* **YOUR INSTRUCTIONS**:
From the line that contains "b = normal_ord" through the line that contains "negative part is", output every line of the listing below exactly and leave out all the rest.

□ □ □ □

(* Let $\lambda$ be a partition and $a,b,c,d\in\mathbb F$. Then: (i) $\langle v_\lambda,\Xi_{aa}v_\lambda\rangle=\sum_{x\in C_\lambda}\mathrm{sgn}(x)\,\delta_{a,x}$; (ii) $\langle v_\lambda,\Xi_{abcd}v_\lambda\rangle\neq0$ only if ($a=b$ and $c=d$) or ($a=d$ and $b=c$); (iii) if $a\ne b$, then $\langle v_\lambda,\Xi_{abba}v_\lambda\rangle=-\sum_{x,x'\in C_\lambda}\mathrm{sgn}(x\,x')\,\delta_{a,x}\,\delta_{b,x'}$.
   Context: $\mathbb F=\mathbb Z+\frac12$. $\mathsf F$ has orthonormal basis $v_S$ for strictly decreasing sequences $S=(s_i)_{i\ge1}\subset\mathbb F$ with $s_{i+1}=s_i-1$ for large $i$ (think $v_S=\underline{s_1}\wedge\underline{s_2}\wedge\cdots$). For $k\in\mathbb F$: $\psi_kv_S=0$ if $k\in S$, else $\psi_kv_S=(-1)^{\#\{i:s_i>k\}}v_{S\cup\{k\}}$; $\psi^*_kv_S=(-1)^{i-1}v_{S\setminus\{s_i\}}$ if $k=s_i$, else $0$. For $a>0$, $\psi_a,\psi^*_{-a}$ are creation and $\psi_{-a},\psi^*_a$ annihilation operators; $:\phi_1\cdots\phi_k:=\mathrm{sgn}(\sigma)\phi_{\sigma(1)}\cdots\phi_{\sigma(k)}$ for any permutation $\sigma$ moving creation operators to the left of annihilation operators. $\Xi_{ab}=:\psi_a\psi^*_b:$, $\Xi_{abcd}=:\psi_a\psi^*_b\psi_c\psi^*_d:$. For a partition $\lambda$, $v_\lambda=v_{S_\lambda}$ with $S_\lambda=(\lambda_j-j+\frac12)_{j\ge1}$. Modified Frobenius coordinates: if $d$ is the number of $i$ with $\lambda_i\ge i$, put $c_i=\lambda_i-i+\frac12$, $c_i^*=-(\lambda'_i-i)-\frac12$ ($i=1,\dots,d$, $\lambda'$ the transpose partition), and $C_\lambda=\{c_1,\dots,c_d,c^*_1,\dots,c^*_d\}$. *)

theory Defs
  imports Main "HOL.Real"
begin

definition HalfInt :: "real set" where
  "HalfInt = {real_of_int n + 1/2 | n. True}"

text \<open>A basis vector v_S is indexed by the set of entries of the strictly decreasing
  sequence S. A vector is a (finitely supported) coefficient function on index sets.\<close>

type_synonym vec = "real set \<Rightarrow> real"

definition basis :: "real set \<Rightarrow> vec" where
  "basis S = (\<lambda>T. if T = S then 1 else 0)"

definition scaleV :: "real \<Rightarrow> vec \<Rightarrow> vec" where
  "scaleV c v = (\<lambda>T. c * v T)"

definition zeroV :: vec where
  "zeroV = (\<lambda>T. 0)"

definition lin_ext :: "(real set \<Rightarrow> vec) \<Rightarrow> vec \<Rightarrow> vec" where
  "lin_ext f v = (\<lambda>T. \<Sum>S\<in>{S. v S \<noteq> 0}. v S * f S T)"

definition innerF :: "vec \<Rightarrow> vec \<Rightarrow> real" where
  "innerF u v = (\<Sum>S\<in>{S. u S \<noteq> 0 \<and> v S \<noteq> 0}. u S * v S)"

definition nabove :: "real set \<Rightarrow> real \<Rightarrow> nat" where
  "nabove S k = card {s\<in>S. s > k}"

definition psi_basis :: "real \<Rightarrow> real set \<Rightarrow> vec" where
  "psi_basis k S = (if k \<in> S then zeroV
                    else scaleV ((-1) ^ nabove S k) (basis (insert k S)))"

text \<open>If k = s_i then i - 1 = #{j : s_j > k}.\<close>
definition psistar_basis :: "real \<Rightarrow> real set \<Rightarrow> vec" where
  "psistar_basis k S = (if k \<in> S then scaleV ((-1) ^ nabove S k) (basis (S - {k}))
                        else zeroV)"

datatype fop = Psi real | PsiS real

fun act :: "fop \<Rightarrow> vec \<Rightarrow> vec" where
  "act (Psi k) v = lin_ext (psi_basis k) v"
| "act (PsiS k) v = lin_ext (psistar_basis k) v"

fun creation :: "fop \<Rightarrow> bool" where
  "creation (Psi k) = (k > 0)"
| "creation (PsiS k) = (k < 0)"

text \<open>Product phi_1 ... phi_k applied to v (phi_k acts first).\<close>
definition word_apply :: "fop list \<Rightarrow> vec \<Rightarrow> vec" where
  "word_apply ops v = foldr act ops v"

text \<open>Number of inversions of the stable permutation moving creation operators to the
  left of annihilation operators; its parity is sgn(sigma).\<close>
definition n_inv :: "fop list \<Rightarrow> nat" where
  "n_inv ops = card {(i, j). i < j \<and> j < length ops \<and>
                  \<not> creation (ops ! i) \<and> creation (ops ! j)}"

definition normal_ord :: "fop list \<Rightarrow> vec \<Rightarrow> vec" where
  "normal_ord ops v = scaleV ((-1) ^ n_inv ops)
     (word_apply (filter creation ops @ filter (\<lambda>x. \<not> creation x) ops) v)"

definition Xi2 :: "real \<Rightarrow> real \<Rightarrow> vec \<Rightarrow> vec" where
  "Xi2 a b = normal_ord [Psi a, PsiS b]"

definition Xi4 :: "real \<Rightarrow> real \<Rightarrow> real \<Rightarrow> real \<Rightarrow> vec \<Rightarrow> vec" where
  "Xi4 a b c d = normal_ord [Psi a, PsiS b, Psi c, PsiS d]"

definition is_partition :: "nat list \<Rightarrow> bool" where
  "is_partition lam \<longleftrightarrow> sorted_wrt (\<ge>) lam \<and> (\<forall>x\<in>set lam. 0 < x)"

definition part :: "nat list \<Rightarrow> nat \<Rightarrow> nat" where
  "part lam j = (if 1 \<le> j \<and> j \<le> length lam then lam ! (j - 1) else 0)"

definition conjp :: "nat list \<Rightarrow> nat \<Rightarrow> nat" where
  "conjp lam i = card {j. 1 \<le> j \<and> i \<le> part lam j}"

definition S_of :: "nat list \<Rightarrow> real set" where
  "S_of lam = {real (part lam j) - real j + 1/2 | j. 1 \<le> j}"

definition v_of :: "nat list \<Rightarrow> vec" where
  "v_of lam = basis (S_of lam)"

definition frob_d :: "nat list \<Rightarrow> nat" where
  "frob_d lam = card {i. 1 \<le> i \<and> i \<le> part lam i}"

definition C_of :: "nat list \<Rightarrow> real set" where
  "C_of lam =
     {real (part lam i) - real i + 1/2 | i. 1 \<le> i \<and> i \<le> frob_d lam}
   \<union> {- (real (conjp lam i) - real i) - 1/2 | i. 1 \<le> i \<and> i \<le> frob_d lam}"

definition delta :: "real \<Rightarrow> real \<Rightarrow> real" where
  "delta x y = (if x = y then 1 else 0)"

end

theory Submission
  imports Defs "HOL-Library.Multiset"
begin

(* A word in the operators psi_k, psi*_k maps a basis vector v_S to a multiple of a single
   basis vector v_T, and T differs from S at k by the number of psi_k minus the number of
   psi*_k in the word.  So a diagonal matrix element can only be nonzero if every index is
   created as often as it is annihilated, which for Xi_abcd forces (ii).  The diagonal
   elements are computed directly: after normal ordering, Xi_aa detects an occupied
   position a of S when a > 0 and a hole at a when a < 0, with sign sgn a, and for a <> b
   Xi_abba is the product of the detectors for a and b, with sign -sgn a sgn b.  It remains
   to recognise C_lambda: its positive part is the positive part of S_lambda, and its
   negative part is the set of negative half-integers missing from S_lambda, because the
   numbers lambda_j - j + 1/2 and i - lambda'_i - 1/2 (i, j >= 1) partition the
   half-integers. *)

lemma scaleV_zeroV [simp]: "scaleV c zeroV = zeroV"
  by (simp add: scaleV_def zeroV_def)

lemma scaleV_scaleV [simp]: "scaleV c (scaleV d v) = scaleV (c * d) v"
  by (simp add: scaleV_def mult.assoc)

lemma scaleV_0 [simp]: "scaleV 0 v = zeroV"
  by (simp add: scaleV_def zeroV_def)

lemma basis_eq_scaleV_1: "basis S = scaleV 1 (basis S)"
  by (simp add: scaleV_def)

lemma lin_ext_scaleV_basis: "lin_ext f (scaleV c (basis S)) = scaleV c (f S)"
proof (cases "c = 0")
  case True
  then show ?thesis by (simp add: lin_ext_def scaleV_def zeroV_def)
next
  case False
  then have "{T. scaleV c (basis S) T \<noteq> 0} = {S}" by (auto simp: scaleV_def basis_def)
  with False show ?thesis by (simp add: lin_ext_def scaleV_def basis_def)
qed

lemma act_Psi_scaleV_basis [simp]:
  "act (Psi k) (scaleV c (basis S)) =
     (if k \<in> S then zeroV else scaleV (c * (-1) ^ nabove S k) (basis (insert k S)))"
  by (simp add: lin_ext_scaleV_basis psi_basis_def)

□ □ □ □

* **EXERCISE RESULT**:
  "Xi2 a b = normal_ord [Psi a, PsiS b]"

definition Xi4 :: "real \<Rightarrow> real \<Rightarrow> real \<Rightarrow> real \<Rightarrow> vec \<Rightarrow> vec" where
  "Xi4 a b c d = normal_ord [Psi a, PsiS b, Psi c, PsiS d]"

definition is_partition :: "nat list \<Rightarrow> bool" where
  "is_partition lam \<longleftrightarrow> sorted_wrt (\<ge>) lam \<and> (\<forall>x\<in>set lam. 0 < x)"

definition part :: "nat list \<Rightarrow> nat \<Rightarrow> nat" where
  "part lam j = (if 1 \<le> j \<and> j \<le> length lam then lam ! (j - 1) else 0)"

definition conjp :: "nat list \<Rightarrow> nat \<Rightarrow> nat" where
  "conjp lam i = card {j. 1 \<le> j \<and> i \<le> part lam j}"

definition S_of :: "nat list \<Rightarrow> real set" where
  "S_of lam = {real (part lam j) - real j + 1/2 | j. 1 \<le> j}"

definition v_of :: "nat list \<Rightarrow> vec" where
  "v_of lam = basis (S_of lam)"

definition frob_d :: "nat list \<Rightarrow> nat" where
  "frob_d lam = card {i. 1 \<le> i \<and> i \<le> part lam i}"

definition C_of :: "nat list \<Rightarrow> real set" where
  "C_of lam =
     {real (part lam i) - real i + 1/2 | i. 1 \<le> i \<and> i \<le> frob_d lam}
   \<union> {- (real (conjp lam i) - real i) - 1/2 | i. 1 \<le> i \<and> i \<le> frob_d lam}"

definition delta :: "real \<Rightarrow> real \<Rightarrow> real" where
  "delta x y = (if x = y then 1 else 0)"

end

theory Submission
  imports Defs "HOL-Library.Multiset"
begin

(* A word in the operators psi_k, psi*_k maps a basis vector v_S to a multiple of a single
   basis vector v_T, and T differs from S at k by the number of psi_k minus the number of
   psi*_k in the word.  So a diagonal matrix element can only be nonzero if every index is
   created as often as it is annihilated, which for Xi_abcd forces (ii).  The diagonal
   elements are computed directly: after normal ordering, Xi_aa detects an occupied
   position a of S when a > 0 and a hole at a when a < 0, with sign sgn a, and for a <> b
   Xi_abba is the product of the detectors for a and b, with sign -sgn a sgn b.  It remains
   to recognise C_lambda: its positive part is the positive part of S_lambda, and its
   negative part is the set of negative half-integers missing from S_lambda, because the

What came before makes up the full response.